By contrast, in the so-called “loose state,” workers were required to complete the RA, but it had little to no role in case decision-making, with the majority of workers relying on their clinical judgements and consultations with their supervisors to decide case trajectories. While the workers had significantly more flexibility in their decision making, the researchers found, the potentially systemizing and standardizing effect of the RA was eliminated.

The problem, Feely says, comes down to a flaw in the RA itself: While the developers intended for the RA to be used in conjunction with clinical judgment, they never provide any guidance or methodology on how to integrate the two. The propensity is to blame the workers, or the agencies, for the RA’s shortcomings, she says, but workers consistently found the tool to be problematic, and the study validates those concerns.

“Without guidance, it’s not clear how to integrate them, exactly, because it’s not another piece of more qualitative information, which we would use in clinical judgment, but a hard number,” Feely says. “We found that organizational context really matters for the application of the RA, and that because it’s not specified in the model, organizations are responsible for figuring out how to integrate the score with clinical judgment themselves.”

While that led to some workers in the “tight state” manipulating the RA, it also led workers to escalate cases involving families that, through clinical judgement, would likely not have been considered at risk. Feely said that unnecessarily high rates of child welfare involvement, particularly in marginalized communities or communities with many Black, Indigenous, or other people of color, contributes to the overall sense that the system is unfair.
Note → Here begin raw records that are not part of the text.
lemma normal_subgroup_moves_separated_pairs:
  assumes G: "subgroup G (BijGroup \<Omega>)" and G2: "k_by_block_transitive \<Omega> R G 2"
    and N: "N \<lhd> (BijGroup \<Omega>)\<lparr>carrier := G\<rparr>"
    and n: "n \<in> N" and \<beta>: "\<beta> \<in> \<Omega>" "(\<beta>, n \<beta>) \<notin> R"
    and uv: "u \<in> \<Omega>" "v \<in> \<Omega>" "(u, v) \<notin> R"
  shows "\<exists>m\<in>N. m u = v"
proof -
  interpret B: group "BijGroup \<Omega>" by (rule group_BijGroup)
  have "n \<in> G" using n normal_imp_subgroup[OF N] subgroup.subset by fastforce
  then have nB: "n \<in> Bij \<Omega>" using subgroup_BijGroup_subset[OF G] by blast
  obtain g where g: "g \<in> G" "g \<beta> = u" "g (n \<beta>) = v"
    using two_by_block_transitive_pairs[OF G2 \<beta>(1) Bij_apply_closed[OF nB \<beta>(1)] \<beta>(2) uv] by blast
  have gB: "g \<in> Bij \<Omega>" using g(1) subgroup_BijGroup_subset[OF G] by blast
  have gn: "g \<otimes>\<^bsub>BijGroup \<Omega>\<^esub> n \<in> Bij \<Omega>" and g': "inv\<^bsub>BijGroup \<Omega>\<^esub> g \<in> Bij \<Omega>"
    using gB nB B.m_closed B.inv_closed unfolding carrier_BijGroup by auto
  have "(g \<otimes>\<^bsub>BijGroup \<Omega>\<^esub> n \<otimes>\<^bsub>BijGroup \<Omega>\<^esub> inv\<^bsub>BijGroup \<Omega>\<^esub> g) u
      = (g \<otimes>\<^bsub>BijGroup \<Omega>\<^esub> n) ((inv\<^bsub>BijGroup \<Omega>\<^esub> g) (g \<beta>))"
    using BijGroup_mult_apply[OF gn g' uv(1)] g(2) by simp
  also have "\<dots> = v"
    using BijGroup_inv_apply[OF gB \<beta>(1)] BijGroup_mult_apply[OF gB nB \<beta>(1)] g(3) by simp
  finally have "(g \<otimes>\<^bsub>BijGroup \<Omega>\<^esub> n \<otimes>\<^bsub>BijGroup \<Omega>\<^esub> inv\<^bsub>BijGroup \<Omega>\<^esub> g) u = v" .
  moreover have "g \<otimes>\<^bsub>BijGroup \<Omega>\<^esub> n \<otimes>\<^bsub>BijGroup \<Omega>\<^esub> inv\<^bsub>BijGroup \<Omega>\<^esub> g \<in> N"
    using normal.inv_op_closed2[OF N, of g n] B.m_inv_consistent[OF G g(1)] g(1) n by simp
  ultimately show ?thesis by blast
qed

lemma normal_subgroup_transitive:
  assumes G: "subgroup G (BijGroup \<Omega>)" and G2: "k_by_block_transitive \<Omega> R G 2"
    and faithful: "block_faithful \<Omega> R G"
    and N: "N \<lhd> (BijGroup \<Omega>)\<lparr>carrier := G\<rparr>" and "N \<noteq> {\<one>\<^bsub>BijGroup \<Omega>\<^esub>}"
  shows "transitive_on \<Omega> N"
  unfolding transitive_on_def
proof (intro ballI)
  fix x y assume xy: "x \<in> \<Omega>" "y \<in> \<Omega>"
  have eq: "equiv \<Omega> R" and inv: "G_invariant \<Omega> R G" and blocks: "at_least_k_blocks \<Omega> R 2"
    using G2 unfolding k_by_block_transitive_def by auto
  have sN: "subgroup N (BijGroup \<Omega>)"
    using group.incl_subgroup[OF group_BijGroup G normal_imp_subgroup[OF N]] .
  have NG: "N \<subseteq> G" using normal_imp_subgroup[OF N] subgroup.subset by fastforce
  have NB: "N \<subseteq> Bij \<Omega>" using subgroup_BijGroup_subset[OF sN] .
  obtain n where n: "n \<in> N" "n \<noteq> \<one>\<^bsub>BijGroup \<Omega>\<^esub>"
    using \<open>N \<noteq> _\<close> subgroup.one_closed[OF sN] by blast
  then obtain \<beta> where "\<beta> \<in> \<Omega>" "(\<beta>, n \<beta>) \<notin> R"
    using block_faithful_ex_moved_class[OF eq inv faithful] NG NB by blast
  then have across: "\<exists>m\<in>N. m u = v" if "u \<in> \<Omega>" "v \<in> \<Omega>" "(u, v) \<notin> R" for u v
    using normal_subgroup_moves_separated_pairs[OF G G2 N n(1)] that by blast
  show "\<exists>m\<in>N. m x = y"
  proof (cases "(x, y) \<in> R")
    case False
    then show ?thesis using across xy by blast
  next
    case True
    obtain z where z: "z \<in> \<Omega>" "(x, z) \<notin> R"
      using two_blocks_ex_outside_class[OF eq blocks xy(1)] by blast
    then have "(z, y) \<notin> R" using True eq by (meson equiv_def symE transE)
    then obtain m1 m2 where m1: "m1 \<in> N" "m1 x = z" and m2: "m2 \<in> N" "m2 z = y"
      using across xy z by meson
    have "(m2 \<otimes>\<^bsub>BijGroup \<Omega>\<^esub> m1) x = y"
      using m1 m2 NB xy(1) by (simp add: subsetD BijGroup_mult_apply)
    then show ?thesis using subgroup.m_closed[OF sN m2(1) m1(1)] by blast
  qed
qed

lemma transitive_subgroup_mult_stabilizer:
  assumes G: "subgroup G (BijGroup \<Omega>)" and N: "subgroup N (BijGroup \<Omega>)" "N \<subseteq> G"
    and trans: "transitive_on \<Omega> N" and \<omega>: "\<omega> \<in> \<Omega>"
  shows "G = N <#>\<^bsub>BijGroup \<Omega>\<^esub> stabilizer G \<omega>"
proof
  interpret B: group "BijGroup \<Omega>" by (rule group_BijGroup)
  show "G \<subseteq> N <#>\<^bsub>BijGroup \<Omega>\<^esub> stabilizer G \<omega>"
  proof
    fix g assume g: "g \<in> G"
    then have gB: "g \<in> Bij \<Omega>" using subgroup_BijGroup_subset[OF G] by blast
    obtain n where n: "n \<in> N" "n \<omega> = g \<omega>"
      using trans \<omega> Bij_apply_closed[OF gB \<omega>] unfolding transitive_on_def by blast
    have nB: "n \<in> Bij \<Omega>" using n(1) subgroup_BijGroup_subset[OF N(1)] by blast
    define h where "h = inv\<^bsub>BijGroup \<Omega>\<^esub> n \<otimes>\<^bsub>BijGroup \<Omega>\<^esub> g"
    have "h \<in> G"
      unfolding h_def using G g n N(2) by (blast intro: subgroup.m_closed subgroup.m_inv_closed)
    moreover have "h \<omega> = \<omega>"
      unfolding h_def using nB gB \<omega> n(2)
      by (metis BijGroup_inv_apply BijGroup_mult_apply B.inv_closed carrier_BijGroup)
    ultimately have "h \<in> stabilizer G \<omega>" by (simp add: stabilizer_def)
    moreover have "g = n \<otimes>\<^bsub>BijGroup \<Omega>\<^esub> h"
      using nB gB unfolding h_def carrier_BijGroup[symmetric] by (simp add: B.m_assoc[symmetric])
    ultimately show "g \<in> N <#>\<^bsub>BijGroup \<Omega>\<^esub> stabilizer G \<omega>"
      unfolding set_mult_def using n(1) by blast
  qed
  show "N <#>\<^bsub>BijGroup \<Omega>\<^esub> stabilizer G \<omega> \<subseteq> G"
    unfolding set_mult_def stabilizer_def using subgroup.m_closed[OF G] N(2) by blast
qed
(* Let $\bar{\boldsymbol{W}}^{\star},\bar{\boldsymbol{S}}^{\star}\in\mathbb{C}^{L\times L}$ be an optimal solution of problem (SDR2) defined in the context, and assume $\bar{\boldsymbol{g}}_0^H\bar{\boldsymbol{W}}^{\star}\bar{\boldsymbol{g}}_0>0$. Define $$\bar{\boldsymbol{W}}^{\mathrm{opt}}=\frac{\bar{\boldsymbol{W}}^{\star}\bar{\boldsymbol{g}}_0\bar{\boldsymbol{g}}_0^H\bar{\boldsymbol{W}}^{\star}}{\bar{\boldsymbol{g}}_0^H\bar{\boldsymbol{W}}^{\star}\bar{\boldsymbol{g}}_0},\qquad \bar{\boldsymbol{S}}^{\mathrm{opt}}=\bar{\boldsymbol{W}}^{\star}+\bar{\boldsymbol{S}}^{\star}-\bar{\boldsymbol{W}}^{\mathrm{opt}}.$$ Then $\mathrm{rank}(\bar{\boldsymbol{W}}^{\mathrm{opt}})=1$, the pair $(\bar{\boldsymbol{W}}^{\mathrm{opt}},\bar{\boldsymbol{S}}^{\mathrm{opt}})$ is feasible for (P2) (in particular $\bar{\boldsymbol{S}}^{\mathrm{opt}}\succeq\boldsymbol{0}$), and $R(\bar{\boldsymbol{W}}^{\mathrm{opt}},\bar{\boldsymbol{S}}^{\mathrm{opt}})=R(\bar{\boldsymbol{W}}^{\star},\bar{\boldsymbol{S}}^{\star})$. Consequently the optimal values of (SDR2) and (P2) coincide and $(\bar{\boldsymbol{W}}^{\mathrm{opt}},\bar{\boldsymbol{S}}^{\mathrm{opt}})$ is an optimal solution of (P2).
   Context: Fix integers $N\ge L\ge1$, $K\ge1$, a matrix $\boldsymbol{U}\in\mathbb{C}^{N\times L}$ with orthonormal columns, vectors $\bar{\boldsymbol{g}}_0,\bar{\boldsymbol{g}}_1,\dots,\bar{\boldsymbol{g}}_{K+1}\in\mathbb{C}^{L}$, noise powers $\sigma_0^2,\sigma_1^2,\dots,\sigma_{K+1}^2>0$, $\sigma_s^2>0$, a complex number $\beta_s\neq0$, an integer $T\ge1$, thresholds $\Gamma_\theta,\Gamma_r>0$, $Q\ge0$, $P>0$, and $0<\zeta\le1$. Let $\mathcal{K}_{\mathrm{ER}}=\{1,\dots,K\}$ and $\mathcal{K}_{\mathrm{EAV}}=\{1,\dots,K+1\}$. Let $\boldsymbol{A},\dot{\boldsymbol{A}}_\theta,\dot{\boldsymbol{A}}_r\in\mathbb{C}^{N\times N}$ be given matrices (in the paper, $\boldsymbol{A}=\boldsymbol{a}\boldsymbol{a}^T$ for the near-field steering vector $\boldsymbol{a}$ of the target and $\dot{\boldsymbol{A}}_\theta,\dot{\boldsymbol{A}}_r$ its partial derivatives with respect to target angle and range). For Hermitian $\bar{\boldsymbol{W}},\bar{\boldsymbol{S}}\in\mathbb{C}^{L\times L}$ set $\boldsymbol{R}_x=\boldsymbol{U}(\bar{\boldsymbol{W}}+\bar{\boldsymbol{S}})\boldsymbol{U}^H$ and, for $\dot{\boldsymbol{A}}\in\{\dot{\boldsymbol{A}}_\theta,\dot{\boldsymbol{A}}_r\}$, $$\mathrm{CRB}_{\dot{\boldsymbol{A}}}(\bar{\boldsymbol{W}},\bar{\boldsymbol{S}})=\frac{\sigma_s^2}{2|\beta_s|^2T}\cdot\frac{\mathrm{tr}(\boldsymbol{A}\boldsymbol{R}_x\boldsymbol{A}^H)}{\mathrm{tr}(\dot{\boldsymbol{A}}\boldsymbol{R}_x\dot{\boldsymbol{A}}^H)\,\mathrm{tr}(\boldsymbol{A}\boldsymbol{R}_x\boldsymbol{A}^H)-|\mathrm{tr}(\boldsymbol{A}\boldsymbol{R}_x\dot{\boldsymbol{A}}^H)|^2}$$ (the CRBs for angle and range are $\mathrm{CRB}_{\dot{\boldsymbol{A}}_\theta}$ and $\mathrm{CRB}_{\dot{\boldsymbol{A}}_r}$). Define the SINRs $\gamma_k(\bar{\boldsymbol{W}},\bar{\boldsymbol{S}})=\dfrac{\bar{\boldsymbol{g}}_k^H\bar{\boldsymbol{W}}\bar{\boldsymbol{g}}_k}{\bar{\boldsymbol{g}}_k^H\bar{\boldsymbol{S}}\bar{\boldsymbol{g}}_k+\sigma_k^2}$ for $k=0,1,\dots,K+1$, and the secrecy rate $$R(\bar{\boldsymbol{W}},\bar{\boldsymbol{S}})=\min_{k\in\mathcal{K}_{\mathrm{EAV}}}\Big(\log_2(1+\gamma_0(\bar{\boldsymbol{W}},\bar{\boldsymbol{S}}))-\log_2(1+\gamma_k(\bar{\boldsymbol{W}},\bar{\boldsymbol{S}}))\Big)^+,$$ where $(x)^+=\max(x,0)$. Problem (P2) is: maximize $R(\bar{\boldsymbol{W}},\bar{\boldsymbol{S}})$ over Hermitian $\bar{\boldsymbol{W}},\bar{\boldsymbol{S}}\in\mathbb{C}^{L\times L}$ subject to (i) $\mathrm{CRB}_{\dot{\boldsymbol{A}}_\theta}(\bar{\boldsymbol{W}},\bar{\boldsymbol{S}})\le\Gamma_\theta$ and $\mathrm{CRB}_{\dot{\boldsymbol{A}}_r}(\bar{\boldsymbol{W}},\bar{\boldsymbol{S}})\le\Gamma_r$ (with the denominators required to be positive); (ii) $\zeta\bar{\boldsymbol{g}}_k^H(\bar{\boldsymbol{W}}+\bar{\boldsymbol{S}})\bar{\boldsymbol{g}}_k\ge Q$ for all $k\in\mathcal{K}_{\mathrm{ER}}$; (iii) $\mathrm{Tr}(\bar{\boldsymbol{W}}+\bar{\boldsymbol{S}})\le P$; (iv) $\bar{\boldsymbol{W}}\succeq\boldsymbol{0}$, $\bar{\boldsymbol{S}}\succeq\boldsymbol{0}$; (v) $\mathrm{rank}(\bar{\boldsymbol{W}})\le1$. Problem (SDR2) is the same problem with constraint (v) removed. *)

theory Defs
  imports "HOL-Analysis.Analysis"
begin

text \<open>Complex matrices are rendered as complex^'c^'r (r rows, c columns);
 the dimensions N and L are the cardinalities of finite index types.\<close>

definition cadj :: "complex^'m^'n \<Rightarrow> complex^'n^'m" where
  "cadj M = (\<chi> i j. cnj (M$j$i))"

definition hermitian :: "complex^'n^'n \<Rightarrow> bool" where
  "hermitian M \<longleftrightarrow> cadj M = M"

definition qform :: "complex^'n \<Rightarrow> complex^'n^'n \<Rightarrow> complex" where
  "qform x M = (\<Sum>i\<in>UNIV. \<Sum>j\<in>UNIV. cnj (x$i) * M$i$j * x$j)"

definition psd :: "complex^'n^'n \<Rightarrow> bool" where
  "psd M \<longleftrightarrow> hermitian M \<and> (\<forall>x. 0 \<le> Re (qform x M))"

definition outer :: "complex^'n \<Rightarrow> complex^'n \<Rightarrow> complex^'n^'n" where
  "outer v w = (\<chi> i j. v$i * cnj (w$j))"

definition crb_num :: "complex^'n^'n \<Rightarrow> complex^'n^'n \<Rightarrow> real" where
  "crb_num A Rx = Re (trace (A ** Rx ** cadj A))"

definition crb_den :: "complex^'n^'n \<Rightarrow> complex^'n^'n \<Rightarrow> complex^'n^'n \<Rightarrow> real" where
  "crb_den A Ad Rx = Re (trace (Ad ** Rx ** cadj Ad)) * Re (trace (A ** Rx ** cadj A))
                     - (cmod (trace (A ** Rx ** cadj Ad)))\<^sup>2"

definition CRB :: "real \<Rightarrow> complex \<Rightarrow> nat \<Rightarrow> complex^'n^'n \<Rightarrow> complex^'n^'n \<Rightarrow> complex^'n^'n \<Rightarrow> real" where
  "CRB \<sigma>s\<^sub>2 \<beta> T A Ad Rx = \<sigma>s\<^sub>2 / (2 * (cmod \<beta>)\<^sup>2 * real T) * (crb_num A Rx / crb_den A Ad Rx)"

definition Rx :: "complex^'l^'n \<Rightarrow> complex^'l^'l \<Rightarrow> complex^'l^'l \<Rightarrow> complex^'n^'n" where
  "Rx U W S = U ** (W + S) ** cadj U"

definition sinr :: "complex^'l \<Rightarrow> real \<Rightarrow> complex^'l^'l \<Rightarrow> complex^'l^'l \<Rightarrow> real" where
  "sinr g sig2 W S = Re (qform g W) / (Re (qform g S) + sig2)"

definition secrecy_rate :: "(nat \<Rightarrow> complex^'l) \<Rightarrow> (nat \<Rightarrow> real) \<Rightarrow> nat
      \<Rightarrow> complex^'l^'l \<Rightarrow> complex^'l^'l \<Rightarrow> real" where
  "secrecy_rate g sig2 K W S =
     Min ((\<lambda>k. max (log 2 (1 + sinr (g 0) (sig2 0) W S) - log 2 (1 + sinr (g k) (sig2 k) W S)) 0)
          ` {1..K+1})"

definition sdr2_feasible ::
  "complex^'l^'n \<Rightarrow> complex^'n^'n \<Rightarrow> complex^'n^'n \<Rightarrow> complex^'n^'n
   \<Rightarrow> real \<Rightarrow> complex \<Rightarrow> nat \<Rightarrow> real \<Rightarrow> real
   \<Rightarrow> (nat \<Rightarrow> complex^'l) \<Rightarrow> nat \<Rightarrow> real \<Rightarrow> real \<Rightarrow> real
   \<Rightarrow> complex^'l^'l \<Rightarrow> complex^'l^'l \<Rightarrow> bool" where
  "sdr2_feasible U A Ath Ar \<sigma>s\<^sub>2 \<beta> T \<Gamma>th \<Gamma>r g K \<zeta> Q P W S \<longleftrightarrow>
     hermitian W \<and> hermitian S \<and>
     crb_den A Ath (Rx U W S) > 0 \<and> CRB \<sigma>s\<^sub>2 \<beta> T A Ath (Rx U W S) \<le> \<Gamma>th \<and>
     crb_den A Ar (Rx U W S) > 0 \<and> CRB \<sigma>s\<^sub>2 \<beta> T A Ar (Rx U W S) \<le> \<Gamma>r \<and>
     (\<forall>k\<in>{1..K}. \<zeta> * Re (qform (g k) (W + S)) \<ge> Q) \<and>
     Re (trace (W + S)) \<le> P \<and>
     psd W \<and> psd S"

definition p2_feasible ::
  "complex^'l^'n \<Rightarrow> complex^'n^'n \<Rightarrow> complex^'n^'n \<Rightarrow> complex^'n^'n
   \<Rightarrow> real \<Rightarrow> complex \<Rightarrow> nat \<Rightarrow> real \<Rightarrow> real
   \<Rightarrow> (nat \<Rightarrow> complex^'l) \<Rightarrow> nat \<Rightarrow> real \<Rightarrow> real \<Rightarrow> real
   \<Rightarrow> complex^'l^'l \<Rightarrow> complex^'l^'l \<Rightarrow> bool" where
  "p2_feasible U A Ath Ar \<sigma>s\<^sub>2 \<beta> T \<Gamma>th \<Gamma>r g K \<zeta> Q P W S \<longleftrightarrow>
     sdr2_feasible U A Ath Ar \<sigma>s\<^sub>2 \<beta> T \<Gamma>th \<Gamma>r g K \<zeta> Q P W S \<and> rank W \<le> 1"

end

theory Submission
  imports Defs
begin

text \<open>Write \<open>u = W g\<^sub>0\<close> and \<open>c = g\<^sub>0\<^sup>H W g\<^sub>0 > 0\<close>. The rank-one matrix \<open>u u\<^sup>H / c\<close> has the quadratic form
  \<open>|x\<^sup>H u|\<^sup>2 / c\<close>, which by the Cauchy-Schwarz inequality for the semidefinite form of \<open>W\<close> lies between
  \<open>0\<close> and \<open>x\<^sup>H W x\<close>, with equality at \<open>x = g\<^sub>0\<close>. Moving \<open>W - u u\<^sup>H / c\<close> from the information
  covariance into the artificial noise therefore keeps \<open>W + S\<close> (hence every constraint of (SDR2))
  and the legitimate SINR, keeps both matrices semidefinite, and can only lower the eavesdroppers'
  SINRs. So the secrecy rate does not drop, and optimality of \<open>(W, S)\<close> makes it equal.\<close>

definition cinner :: "complex^'n \<Rightarrow> complex^'n \<Rightarrow> complex" where
  "cinner x y = (\<Sum>i\<in>UNIV. cnj (x$i) * y$i)"

lemma cinner_add_left: "cinner (x + y) z = cinner x z + cinner y z"
  by (simp add: cinner_def sum.distrib algebra_simps)

lemma cinner_add_right: "cinner x (y + z) = cinner x y + cinner x z"
  by (simp add: cinner_def sum.distrib algebra_simps)

lemma cinner_scale_left: "cinner (t *s x) y = cnj t * cinner x y"
  by (simp add: cinner_def sum_distrib_left algebra_simps)

lemma cinner_scale_right: "cinner x (t *s y) = t * cinner x y"
  by (simp add: cinner_def sum_distrib_left algebra_simps)

lemma matrix_vector_mult_scale: "M *v (t *s x) = t *s (M *v (x::complex^'n))"
  by (auto simp: vec_eq_iff matrix_vector_mult_def sum_distrib_left mult_ac intro!: sum.cong)

lemma qform_eq_cinner: "qform x M = cinner x (M *v x)"
  by (simp add: qform_def cinner_def matrix_vector_mult_def sum_distrib_left mult.assoc)

lemma qform_add: "qform x (M + N) = qform x M + qform x N"
  by (simp add: qform_def sum.distrib algebra_simps)

lemma qform_diff: "qform x (M - N) = qform x M - qform x N"
  by (simp add: qform_def sum_subtractf algebra_simps)

lemma hermitian_iff: "hermitian M \<longleftrightarrow> (\<forall>i j. M$i$j = cnj (M$j$i))"
  unfolding hermitian_def cadj_def vec_eq_iff by (simp add: eq_commute[of "cnj _"])

lemma hermitian_add: "hermitian M \<Longrightarrow> hermitian N \<Longrightarrow> hermitian (M + N)"
  by (simp add: hermitian_def cadj_def vec_eq_iff)

lemma hermitian_diff: "hermitian M \<Longrightarrow> hermitian N \<Longrightarrow> hermitian (M - N)"
  by (simp add: hermitian_def cadj_def vec_eq_iff)
definition deg :: "'a set \<Rightarrow> ('a \<Rightarrow> 'a \<Rightarrow> nat) \<Rightarrow> 'a \<Rightarrow> nat" where
  "deg V m v = (\<Sum>u\<in>V. m v u)"

definition maxdeg :: "'a set \<Rightarrow> ('a \<Rightarrow> 'a \<Rightarrow> nat) \<Rightarrow> nat" where
  "maxdeg V m = Max (deg V m ` V)"

definition edges_in :: "('a \<Rightarrow> 'a \<Rightarrow> nat) \<Rightarrow> 'a set \<Rightarrow> nat" where
  "edges_in m R = (\<Sum>u\<in>R. \<Sum>v\<in>R. m u v) div 2"

definition tval :: "('a \<Rightarrow> 'a \<Rightarrow> nat) \<Rightarrow> 'a set \<Rightarrow> real" where
  "tval m R = 2 * real (edges_in m R) / (real (card R) - 1)"

text \<open>Gamma; when there is no odd R with |R| >= 3 we take the value 0, so that
  bounds of the form Gamma <= c with c >= 0 hold vacuously.\<close>
definition Gamma :: "'a set \<Rightarrow> ('a \<Rightarrow> 'a \<Rightarrow> nat) \<Rightarrow> real" where
  "Gamma V m = Max (insert 0 {tval m R | R. R \<subseteq> V \<and> odd (card R) \<and> 3 \<le> card R})"

definition phi :: "'a set \<Rightarrow> ('a \<Rightarrow> 'a \<Rightarrow> nat) \<Rightarrow> int" where
  "phi V m = \<lceil>max (real (maxdeg V m)) (Gamma V m)\<rceil>"

text \<open>Shrinking S to a new vertex: the new vertex is None, old vertices are Some v.\<close>
definition shrink_V :: "'a set \<Rightarrow> 'a set \<Rightarrow> 'a option set" where
  "shrink_V V S = Some ` (V - S) \<union> {None}"

fun shrink_m :: "'a set \<Rightarrow> ('a \<Rightarrow> 'a \<Rightarrow> nat) \<Rightarrow> 'a set \<Rightarrow> 'a option \<Rightarrow> 'a option \<Rightarrow> nat" where
  "shrink_m V m S (Some u) (Some v) = (if u \<in> V - S \<and> v \<in> V - S then m u v else 0)"
| "shrink_m V m S (Some u) None = (if u \<in> V - S then (\<Sum>w\<in>S. m u w) else 0)"
| "shrink_m V m S None (Some v) = (if v \<in> V - S then (\<Sum>w\<in>S. m v w) else 0)"
| "shrink_m V m S None None = 0"

definition num_deg :: "'a set \<Rightarrow> ('a \<Rightarrow> 'a \<Rightarrow> nat) \<Rightarrow> nat \<Rightarrow> nat" where
  "num_deg V m k = card {v \<in> V. deg V m v = k}"

end

theory Submission
  imports Defs
begin

text \<open>Write e(A, B) for the number of ordered pairs (a, b) \<in> A \<times> B counted with edge
  multiplicity. Fullness of S means e(S, S) = c (|S| - 1), so the degree bound c gives
  e(S, V - S) \<le> c, with equality only if every vertex of S has degree c; this is the degree of
  the new vertex in both shrinkings.
  An odd set of H_S through the new vertex comes from an even R \<subseteq> V - S, and R \<union> S is
  odd in H; an odd set of H_(V - S) through the new vertex comes from an even R \<subseteq> S, and
  S - R is odd in H. In both cases the Gamma bound on that odd set of H, combined with
  the fullness of S, bounds t of the shrunk set by c.\<close>

definition cross_sum :: "('a \<Rightarrow> 'a \<Rightarrow> nat) \<Rightarrow> 'a set \<Rightarrow> 'a set \<Rightarrow> nat" where
  "cross_sum m A B = (\<Sum>u\<in>A. \<Sum>v\<in>B. m u v)"

lemma cross_sum_Un_left:
  "finite A \<Longrightarrow> finite B \<Longrightarrow> A \<inter> B = {} \<Longrightarrow>
    cross_sum m (A \<union> B) C = cross_sum m A C + cross_sum m B C"
  by (simp add: cross_sum_def sum.union_disjoint)

lemma cross_sum_Un_right:
  "finite B \<Longrightarrow> finite C \<Longrightarrow> B \<inter> C = {} \<Longrightarrow>
    cross_sum m A (B \<union> C) = cross_sum m A B + cross_sum m A C"
  by (simp add: cross_sum_def sum.union_disjoint sum.distrib)

lemma cross_sum_commute: "(\<And>u v. m u v = m v u) \<Longrightarrow> cross_sum m A B = cross_sum m B A"
  unfolding cross_sum_def by (subst sum.swap) simp

lemma cross_sum_Un_self:
  assumes "finite A" "finite B" "A \<inter> B = {}" "\<And>u v. m u v = m v u"
  shows "cross_sum m (A \<union> B) (A \<union> B) = cross_sum m A A + 2 * cross_sum m A B + cross_sum m B B"
  using assms cross_sum_commute[of m B A] by (simp add: cross_sum_Un_left cross_sum_Un_right)

lemma even_cross_sum_self:
  assumes "finite R" "\<And>u v. m u v = m v u" "\<And>u. m u u = 0"
  shows "even (cross_sum m R R)"
  using assms(1)
proof (induction R rule: finite_induct)
  case empty
  then show ?case by (simp add: cross_sum_def)
next
  case (insert a R)
  have "cross_sum m (insert a R) (insert a R) = 2 * (\<Sum>v\<in>R. m a v) + cross_sum m R R"
    using insert.hyps assms(2,3) by (simp add: cross_sum_def sum.distrib)
  then show ?case using insert.IH by simp
qed

lemma sum_deg_eq_cross_sum: "(\<Sum>v\<in>A. deg V m v) = cross_sum m A V"
  by (simp add: deg_def cross_sum_def)

lemma tval_le_of_cross_sum_le:
  assumes "2 \<le> card R" "cross_sum m R R \<le> c * (card R - 1)"
  shows "tval m R \<le> real c"
proof -
  have "2 * edges_in m R \<le> c * (card R - 1)"
    using assms(2) by (simp add: edges_in_def cross_sum_def)
  moreover have "real (c * (card R - 1)) = real c * (real (card R) - 1)"
    using assms(1) by (simp add: of_nat_diff)
  ultimately have "2 * real (edges_in m R) \<le> real c * (real (card R) - 1)"
    by (metis of_nat_le_iff of_nat_mult of_nat_numeral)
  then show ?thesis
    using assms(1) unfolding tval_def by (simp add: divide_le_eq)
qed

lemma cross_sum_le_of_tval_le:
  assumes "2 \<le> card R" "even (cross_sum m R R)" "tval m R \<le> real c"
  shows "cross_sum m R R \<le> c * (card R - 1)"
proof -
  have "2 * real (edges_in m R) \<le> real c * (real (card R) - 1)"
    using assms(1,3) unfolding tval_def by (simp add: divide_le_eq)
  moreover have "real (c * (card R - 1)) = real c * (real (card R) - 1)"
    using assms(1) by (simp add: of_nat_diff)
  ultimately have "2 * edges_in m R \<le> c * (card R - 1)"
    by (metis of_nat_le_iff of_nat_mult of_nat_numeral)
  moreover have "2 * edges_in m R = cross_sum m R R"
    using assms(2) by (simp add: edges_in_def cross_sum_def)
  ultimately show ?thesis by simp
qed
“You can see how frustrating it would be if your child had autism, or was categorized as having behavioral or mental health issues, and you were on antidepressants, and then all of a sudden you’re labeled as at risk,” she says. “You can’t do anything about those things. You can’t fix them. You’re not going to go off your antidepressants, because that obviously would make it worse.”

She continues, “It feels like the conservative option is to err on the side of having more false positives, where people that are really not at risk are misidentified as at risk. But there are real downsides to that, and I think that, in child welfare, we’re seeing a sort of paralleling with some of the attention that’s on police – there are longer-term big consequences when we keep getting it wrong, because people don’t trust the system.”

While a clinical-based approach offers more nuance, she says, it also loses what could make the process more consistent. As the RA and other prognostic tools and their potential use in child welfare situations are being discussed, Feely said that this study offers a cautionary tale that should encourage policymakers to be wary of trusting a tool more than is warranted.

“A main issue is really having a more open discussion of how these sort of probability-based tools should be included into the context of clinical decision-making,” she says. “I think that the move toward trying to incorporate more evidence and a more scientific base in social services, is positive, but I think it has to be really carefully balanced with the limits of that science. Overestimating the science, and the veracity of it, and its ability to be applicable in a particular situation, can be just as problematic for families and society as under-using it.”


Primary data collection for this study was conducted by Dr. Bosk in an independent study and is unrelated to Dr. Feely’s association with the Connecticut Department of Children and Families (CT DCF). Dr. Feely’s co-authorship does not imply any association between the study data or findings and the CT DCF.